(DATA):
(* Let $\theta^{\mu\nu}=-\theta^{\nu\mu}$ be constant with $\theta^{0i}=0$, let $J^\mu$ be a prescribed smooth external current (not assumed conserved), and set $C:=\partial_\mu J^\mu$. Consider the Lagrangian $\mathcal L=\mathcal L_{\rm ws}+\mathcal L_J$ with $$\mathcal L_{\rm ws}=-\tfrac14F_{\mu\nu}F^{\mu\nu}+\tfrac18\theta^{\alpha\beta}F_{\alpha\beta}F_{\mu\nu}F^{\mu\nu}-\tfrac12\theta^{\alpha\beta}F_{\mu\alpha}F_{\nu\beta}F^{\mu\nu},$$ $$\mathcal L_J=-A_\mu J^\mu-\theta^{\mu\alpha}J^\beta A_\mu\partial_\alpha A_\beta+\tfrac12\theta^{\mu\alpha}J^\beta A_\mu\partial_\beta A_\alpha,$$ and let $\mathcal E_B^\nu:=\frac{\partial\mathcal L}{\partial A_\nu}-\partial_\mu\frac{\partial\mathcal L}{\partial(\partial_\mu A_\nu)}$ be its Euler--Lagrange expression. Let $\dot\phi_2:=\{\phi_2,H_c\}+\partial_t\phi_2\big|_{\rm expl}$, where $\phi_2$ is the secondary constraint, $H_c$ the canonical Hamiltonian, and $\partial_t\phi_2|_{\rm expl}=-\partial_0J^0+\tfrac12\theta^{kl}\partial_l(A_k\partial_0J^0)$ is the derivative with respect to the explicit time dependence carried by $J^\mu$. Then, to first order in $\theta$ (i.e. modulo $O(\theta^2)$), and after expressing the Lagrangian quantities in the canonical variables, one has the identity $$\partial_\nu\mathcal E_B^\nu=\dot\phi_2=\Phi_3^{\rm cand},$$ where $$\Phi_3^{\rm cand}:=-\partial_\mu J^\mu+\theta^{li}(\partial_iJ^0)\partial_lA_0+\theta^{li}\partial_i\bigl(J^k\partial_lA_k\bigr)-\tfrac12\theta^{il}\partial_i\bigl[A_l(\partial_\mu J^\mu)\bigr].$$ In particular all terms containing the momenta $\pi^k$ cancel in $\dot\phi_2$.
   Context: Minkowski space with metric $\eta^{\mu\nu}=\mathrm{diag}(+1,-1,-1,-1)$; Greek indices run over $0,1,2,3$, Latin indices over $1,2,3$; repeated indices are summed; $\partial_0=\partial_t$. $A_\mu$ is a smooth $U(1)$ gauge potential, $F_{\mu\nu}=\partial_\mu A_\nu-\partial_\nu A_\mu$. Canonical phase space: fields $A_\mu(x),\pi^\mu(x)$ at fixed time with $\{A_\mu(x),\pi^\nu(y)\}=\delta^\nu_\mu\delta^3(x-y)$ and all other basic brackets zero; for functionals, $\{F,G\}=\int d^3z\,\bigl[\frac{\delta F}{\delta A_k(z)}\frac{\delta G}{\delta\pi^k(z)}-\frac{\delta F}{\delta\pi^k(z)}\frac{\delta G}{\delta A_k(z)}\bigr]$ (plus the analogous $A_0,\pi^0$ terms). Spatial momenta: $\pi^i=\bigl[\tfrac12F_{kl}\theta^{kl}-1\bigr]F^{0i}+F^{0j}F_{jk}\theta^{ki}+F^{0m}F_{kj}\eta_{lm}\eta^{ji}\theta^{lk}+\tfrac12\theta^{ji}A_jJ^0$, and $\pi^0\approx0$ is the primary constraint $\phi_1$. Secondary constraint: $\phi_2=\partial_i\pi^i-J^0+\tfrac12\theta^{kl}\partial_l(A_kJ^0)$. Canonical Hamiltonian $H_c=\int d^3x(\mathcal H_{\rm ws}+\mathcal H_J)$ with $\mathcal H_{\rm ws}=\pi_i\partial^iA_0+\tfrac14F_{ij}F^{ij}[1-\tfrac12F_{ml}\theta^{ml}]-\tfrac12\eta_{00}\eta_{ij}\pi^i\pi^j[1+\tfrac12F_{ml}\theta^{ml}]+\tfrac12F^{ip}F_{li}F_{pm}\theta^{ml}-F_{li}\eta_{00}\eta_{mj}\pi^i\pi^j\theta^{ml}$ and $\mathcal H_J=A_0J^0+A_jJ^j+\tfrac12\theta^{jl}[A_jJ^0\partial_lA_0+A_jJ^k\partial_lA_k+A_jJ^0\eta_{00}\eta_{li}\pi^i-A_jF_{kl}J^k]$. *)

theory Defs
  imports "HOL-Analysis.Analysis" "HOL-Library.Numeral_Type" "HOL-Library.Landau_Symbols"
begin

text \<open>Spacetime points are vectors in real^4; indices are elements of the
  numeral type 4 = {0,1,2,3}; index 0 is time, the spatial indices are 1,2,3.\<close>

definition spat :: "4 set" where "spat = UNIV - {0}"

definition eta :: "4 \<Rightarrow> 4 \<Rightarrow> real" where
  "eta \<mu> \<nu> = (if \<mu> \<noteq> \<nu> then 0 else if \<mu> = 0 then 1 else -1)"

definition pdx :: "4 \<Rightarrow> (real^4 \<Rightarrow> real) \<Rightarrow> real^4 \<Rightarrow> real" where
  "pdx \<mu> f x = deriv (\<lambda>s. f (x + s *\<^sub>R axis \<mu> 1)) 0"

fun iterpd :: "4 list \<Rightarrow> (real^4 \<Rightarrow> real) \<Rightarrow> real^4 \<Rightarrow> real" where
  "iterpd [] f = f"
| "iterpd (\<mu> # ks) f = pdx \<mu> (iterpd ks f)"

definition smooth4 :: "(real^4 \<Rightarrow> real) \<Rightarrow> bool" where
  "smooth4 f \<longleftrightarrow> (\<forall>ks x. iterpd ks f differentiable (at x))"

definition pdj :: "(('v \<Rightarrow> real) \<Rightarrow> real) \<Rightarrow> ('v \<Rightarrow> real) \<Rightarrow> 'v \<Rightarrow> real" where
  "pdj g p i = deriv (\<lambda>s. g (p(i := s))) (p i)"

definition scale_theta :: "real \<Rightarrow> (4 \<Rightarrow> 4 \<Rightarrow> real) \<Rightarrow> 4 \<Rightarrow> 4 \<Rightarrow> real" where
  "scale_theta \<epsilon> \<Theta> = (\<lambda>\<mu> \<nu>. \<epsilon> * \<Theta> \<mu> \<nu>)"

text \<open>Lagrangian jet variables: LA mu = A_mu, LdA mu nu = d_mu A_nu.\<close>
datatype lvar = LA "4" | LdA "4" "4"

definition Fl :: "(lvar \<Rightarrow> real) \<Rightarrow> 4 \<Rightarrow> 4 \<Rightarrow> real" where
  "Fl p \<mu> \<nu> = p (LdA \<mu> \<nu>) - p (LdA \<nu> \<mu>)"

definition Flup :: "(lvar \<Rightarrow> real) \<Rightarrow> 4 \<Rightarrow> 4 \<Rightarrow> real" where
  "Flup p \<mu> \<nu> = (\<Sum>\<alpha>\<in>UNIV. \<Sum>\<beta>\<in>UNIV. eta \<mu> \<alpha> * eta \<nu> \<beta> * Fl p \<alpha> \<beta>)"

definition Lws :: "(4 \<Rightarrow> 4 \<Rightarrow> real) \<Rightarrow> (lvar \<Rightarrow> real) \<Rightarrow> real" where
  "Lws \<theta> p =
     - (1/4) * (\<Sum>\<mu>\<in>UNIV. \<Sum>\<nu>\<in>UNIV. Fl p \<mu> \<nu> * Flup p \<mu> \<nu>)
     + (1/8) * (\<Sum>\<alpha>\<in>UNIV. \<Sum>\<beta>\<in>UNIV. \<theta> \<alpha> \<beta> * Fl p \<alpha> \<beta>)
             * (\<Sum>\<mu>\<in>UNIV. \<Sum>\<nu>\<in>UNIV. Fl p \<mu> \<nu> * Flup p \<mu> \<nu>)
     - (1/2) * (\<Sum>\<alpha>\<in>UNIV. \<Sum>\<beta>\<in>UNIV. \<Sum>\<mu>\<in>UNIV. \<Sum>\<nu>\<in>UNIV.
                 \<theta> \<alpha> \<beta> * Fl p \<mu> \<alpha> * Fl p \<nu> \<beta> * Flup p \<mu> \<nu>)"

text \<open>Jx mu = J^mu at the point under consideration.\<close>
definition LJ :: "(4 \<Rightarrow> 4 \<Rightarrow> real) \<Rightarrow> (4 \<Rightarrow> real) \<Rightarrow> (lvar \<Rightarrow> real) \<Rightarrow> real" where
  "LJ \<theta> Jx p =
     - (\<Sum>\<mu>\<in>UNIV. p (LA \<mu>) * Jx \<mu>)
     - (\<Sum>\<mu>\<in>UNIV. \<Sum>\<alpha>\<in>UNIV. \<Sum>\<beta>\<in>UNIV. \<theta> \<mu> \<alpha> * Jx \<beta> * p (LA \<mu>) * p (LdA \<alpha> \<beta>))
     + (1/2) * (\<Sum>\<mu>\<in>UNIV. \<Sum>\<alpha>\<in>UNIV. \<Sum>\<beta>\<in>UNIV. \<theta> \<mu> \<alpha> * Jx \<beta> * p (LA \<mu>) * p (LdA \<beta> \<alpha>))"

definition Lag :: "(4 \<Rightarrow> 4 \<Rightarrow> real) \<Rightarrow> (4 \<Rightarrow> real^4 \<Rightarrow> real) \<Rightarrow> real^4 \<Rightarrow> (lvar \<Rightarrow> real) \<Rightarrow> real" where
  "Lag \<theta> J x p = Lws \<theta> p + LJ \<theta> (\<lambda>\<mu>. J \<mu> x) p"

definition ljet :: "(4 \<Rightarrow> real^4 \<Rightarrow> real) \<Rightarrow> real^4 \<Rightarrow> lvar \<Rightarrow> real" where
  "ljet A x v = (case v of LA \<mu> \<Rightarrow> A \<mu> x | LdA \<mu> \<nu> \<Rightarrow> pdx \<mu> (A \<nu>) x)"

definition EB :: "(4 \<Rightarrow> 4 \<Rightarrow> real) \<Rightarrow> (4 \<Rightarrow> real^4 \<Rightarrow> real) \<Rightarrow> (4 \<Rightarrow> real^4 \<Rightarrow> real) \<Rightarrow> 4 \<Rightarrow> real^4 \<Rightarrow> real" where
  "EB \<theta> A J \<nu> x = pdj (Lag \<theta> J x) (ljet A x) (LA \<nu>)
     - (\<Sum>\<mu>\<in>UNIV. pdx \<mu> (\<lambda>y. pdj (Lag \<theta> J y) (ljet A y) (LdA \<mu> \<nu>)) x)"

definition divEB :: "(4 \<Rightarrow> 4 \<Rightarrow> real) \<Rightarrow> (4 \<Rightarrow> real^4 \<Rightarrow> real) \<Rightarrow> (4 \<Rightarrow> real^4 \<Rightarrow> real) \<Rightarrow> real^4 \<Rightarrow> real" where
  "divEB \<theta> A J x = (\<Sum>\<nu>\<in>UNIV. pdx \<nu> (EB \<theta> A J \<nu>) x)"

text \<open>Canonical jet variables: CA mu = A_mu, CdA j mu = d_j A_mu, CP mu = pi^mu,
  CdP j mu = d_j pi^mu (only spatial j are used).\<close>
datatype cvar = CA "4" | CdA "4" "4" | CP "4" | CdP "4" "4"

definition Fc :: "(cvar \<Rightarrow> real) \<Rightarrow> 4 \<Rightarrow> 4 \<Rightarrow> real" where
  "Fc q k l = q (CdA k l) - q (CdA l k)"

definition Fcup :: "(cvar \<Rightarrow> real) \<Rightarrow> 4 \<Rightarrow> 4 \<Rightarrow> real" where
  "Fcup q k l = (\<Sum>a\<in>spat. \<Sum>b\<in>spat. eta k a * eta l b * Fc q a b)"

definition Hws :: "(4 \<Rightarrow> 4 \<Rightarrow> real) \<Rightarrow> (cvar \<Rightarrow> real) \<Rightarrow> real" where
  "Hws \<theta> q =
     (\<Sum>i\<in>spat. (\<Sum>j\<in>spat. eta i j * q (CP j)) * (\<Sum>j\<in>spat. eta i j * q (CdA j 0)))
   + (1/4) * (\<Sum>i\<in>spat. \<Sum>j\<in>spat. Fc q i j * Fcup q i j)
       * (1 - (1/2) * (\<Sum>m\<in>spat. \<Sum>l\<in>spat. Fc q m l * \<theta> m l))
   - (1/2) * eta 0 0 * (\<Sum>i\<in>spat. \<Sum>j\<in>spat. eta i j * q (CP i) * q (CP j))
       * (1 + (1/2) * (\<Sum>m\<in>spat. \<Sum>l\<in>spat. Fc q m l * \<theta> m l))
   + (1/2) * (\<Sum>i\<in>spat. \<Sum>p\<in>spat. \<Sum>l\<in>spat. \<Sum>m\<in>spat.
                Fcup q i p * Fc q l i * Fc q p m * \<theta> m l)
   - (\<Sum>l\<in>spat. \<Sum>i\<in>spat. \<Sum>m\<in>spat. \<Sum>j\<in>spat.
        Fc q l i * eta 0 0 * eta m j * q (CP i) * q (CP j) * \<theta> m l)"

definition HJ :: "(4 \<Rightarrow> 4 \<Rightarrow> real) \<Rightarrow> (4 \<Rightarrow> real) \<Rightarrow> (cvar \<Rightarrow> real) \<Rightarrow> real" where
  "HJ \<theta> Jx q =
     q (CA 0) * Jx 0 + (\<Sum>j\<in>spat. q (CA j) * Jx j)
   + (1/2) * (\<Sum>j\<in>spat. \<Sum>l\<in>spat. \<theta> j l *
        ( q (CA j) * Jx 0 * q (CdA l 0)
        + (\<Sum>k\<in>spat. q (CA j) * Jx k * q (CdA l k))
        + q (CA j) * Jx 0 * eta 0 0 * (\<Sum>i\<in>spat. eta l i * q (CP i))
        - (\<Sum>k\<in>spat. q (CA j) * Fc q k l * Jx k)))"

definition Ham :: "(4 \<Rightarrow> 4 \<Rightarrow> real) \<Rightarrow> (4 \<Rightarrow> real^4 \<Rightarrow> real) \<Rightarrow> real^4 \<Rightarrow> (cvar \<Rightarrow> real) \<Rightarrow> real" where
  "Ham \<theta> J x q = Hws \<theta> q + HJ \<theta> (\<lambda>\<mu>. J \<mu> x) q"

definition phi2 :: "(4 \<Rightarrow> 4 \<Rightarrow> real) \<Rightarrow> (4 \<Rightarrow> real^4 \<Rightarrow> real) \<Rightarrow> real^4 \<Rightarrow> (cvar \<Rightarrow> real) \<Rightarrow> real" where
  "phi2 \<theta> J x q = (\<Sum>i\<in>spat. q (CdP i i)) - J 0 x
     + (1/2) * (\<Sum>k\<in>spat. \<Sum>l\<in>spat. \<theta> k l *
          (q (CdA l k) * J 0 x + q (CA k) * pdx l (J 0) x))"

definition Ff :: "(4 \<Rightarrow> real^4 \<Rightarrow> real) \<Rightarrow> 4 \<Rightarrow> 4 \<Rightarrow> real^4 \<Rightarrow> real" where
  "Ff A \<mu> \<nu> x = pdx \<mu> (A \<nu>) x - pdx \<nu> (A \<mu>) x"

definition Ffup :: "(4 \<Rightarrow> real^4 \<Rightarrow> real) \<Rightarrow> 4 \<Rightarrow> 4 \<Rightarrow> real^4 \<Rightarrow> real" where
  "Ffup A \<mu> \<nu> x = (\<Sum>\<alpha>\<in>UNIV. \<Sum>\<beta>\<in>UNIV. eta \<mu> \<alpha> * eta \<nu> \<beta> * Ff A \<alpha> \<beta> x)"

text \<open>pi^0 = 0 (primary constraint); spatial pi^i given by the stated formula.\<close>
definition piF :: "(4 \<Rightarrow> 4 \<Rightarrow> real) \<Rightarrow> (4 \<Rightarrow> real^4 \<Rightarrow> real) \<Rightarrow> (4 \<Rightarrow> real^4 \<Rightarrow> real) \<Rightarrow> 4 \<Rightarrow> real^4 \<Rightarrow> real" where
  "piF \<theta> A J i x = (if i = 0 then 0 else
      ((1/2) * (\<Sum>k\<in>spat. \<Sum>l\<in>spat. Ff A k l x * \<theta> k l) - 1) * Ffup A 0 i x
    + (\<Sum>j\<in>spat. \<Sum>k\<in>spat. Ffup A 0 j x * Ff A j k x * \<theta> k i)
    + (\<Sum>m\<in>spat. \<Sum>k\<in>spat. \<Sum>j\<in>spat. \<Sum>l\<in>spat.
         Ffup A 0 m x * Ff A k j x * eta l m * eta j i * \<theta> l k)
    + (1/2) * (\<Sum>j\<in>spat. \<theta> j i * A j x * J 0 x))"

definition cjet :: "(4 \<Rightarrow> 4 \<Rightarrow> real) \<Rightarrow> (4 \<Rightarrow> real^4 \<Rightarrow> real) \<Rightarrow> (4 \<Rightarrow> real^4 \<Rightarrow> real) \<Rightarrow> real^4 \<Rightarrow> cvar \<Rightarrow> real" where
  "cjet \<theta> A J x v = (case v of
      CA \<mu> \<Rightarrow> A \<mu> x
    | CdA j \<mu> \<Rightarrow> pdx j (A \<mu>) x
    | CP \<mu> \<Rightarrow> piF \<theta> A J \<mu> x
    | CdP j \<mu> \<Rightarrow> pdx j (piF \<theta> A J \<mu>) x)"

text \<open>Variational derivatives of H_c = integral of Ham over space.\<close>
definition dHdA :: "(4 \<Rightarrow> 4 \<Rightarrow> real) \<Rightarrow> (4 \<Rightarrow> real^4 \<Rightarrow> real) \<Rightarrow> (4 \<Rightarrow> real^4 \<Rightarrow> real) \<Rightarrow> 4 \<Rightarrow> real^4 \<Rightarrow> real" where
  "dHdA \<theta> A J \<mu> x = pdj (Ham \<theta> J x) (cjet \<theta> A J x) (CA \<mu>)
     - (\<Sum>j\<in>spat. pdx j (\<lambda>y. pdj (Ham \<theta> J y) (cjet \<theta> A J y) (CdA j \<mu>)) x)"

definition dHdP :: "(4 \<Rightarrow> 4 \<Rightarrow> real) \<Rightarrow> (4 \<Rightarrow> real^4 \<Rightarrow> real) \<Rightarrow> (4 \<Rightarrow> real^4 \<Rightarrow> real) \<Rightarrow> 4 \<Rightarrow> real^4 \<Rightarrow> real" where
  "dHdP \<theta> A J \<mu> x = pdj (Ham \<theta> J x) (cjet \<theta> A J x) (CP \<mu>)
     - (\<Sum>j\<in>spat. pdx j (\<lambda>y. pdj (Ham \<theta> J y) (cjet \<theta> A J y) (CdP j \<mu>)) x)"

definition PB_phi2_H :: "(4 \<Rightarrow> 4 \<Rightarrow> real) \<Rightarrow> (4 \<Rightarrow> real^4 \<Rightarrow> real) \<Rightarrow> (4 \<Rightarrow> real^4 \<Rightarrow> real) \<Rightarrow> real^4 \<Rightarrow> real" where
  "PB_phi2_H \<theta> A J x = (\<Sum>\<mu>\<in>UNIV.
       pdj (phi2 \<theta> J x) (cjet \<theta> A J x) (CA \<mu>) * dHdP \<theta> A J \<mu> x
     + (\<Sum>j\<in>spat. pdj (phi2 \<theta> J x) (cjet \<theta> A J x) (CdA j \<mu>) * pdx j (dHdP \<theta> A J \<mu>) x)
     - pdj (phi2 \<theta> J x) (cjet \<theta> A J x) (CP \<mu>) * dHdA \<theta> A J \<mu> x
     - (\<Sum>j\<in>spat. pdj (phi2 \<theta> J x) (cjet \<theta> A J x) (CdP j \<mu>) * pdx j (dHdA \<theta> A J \<mu>) x))"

(WORK TO BE COMPLETED): Throughout the material above, count each line holding "dHdP" and answer with the total alone.

(RESPONSE): 4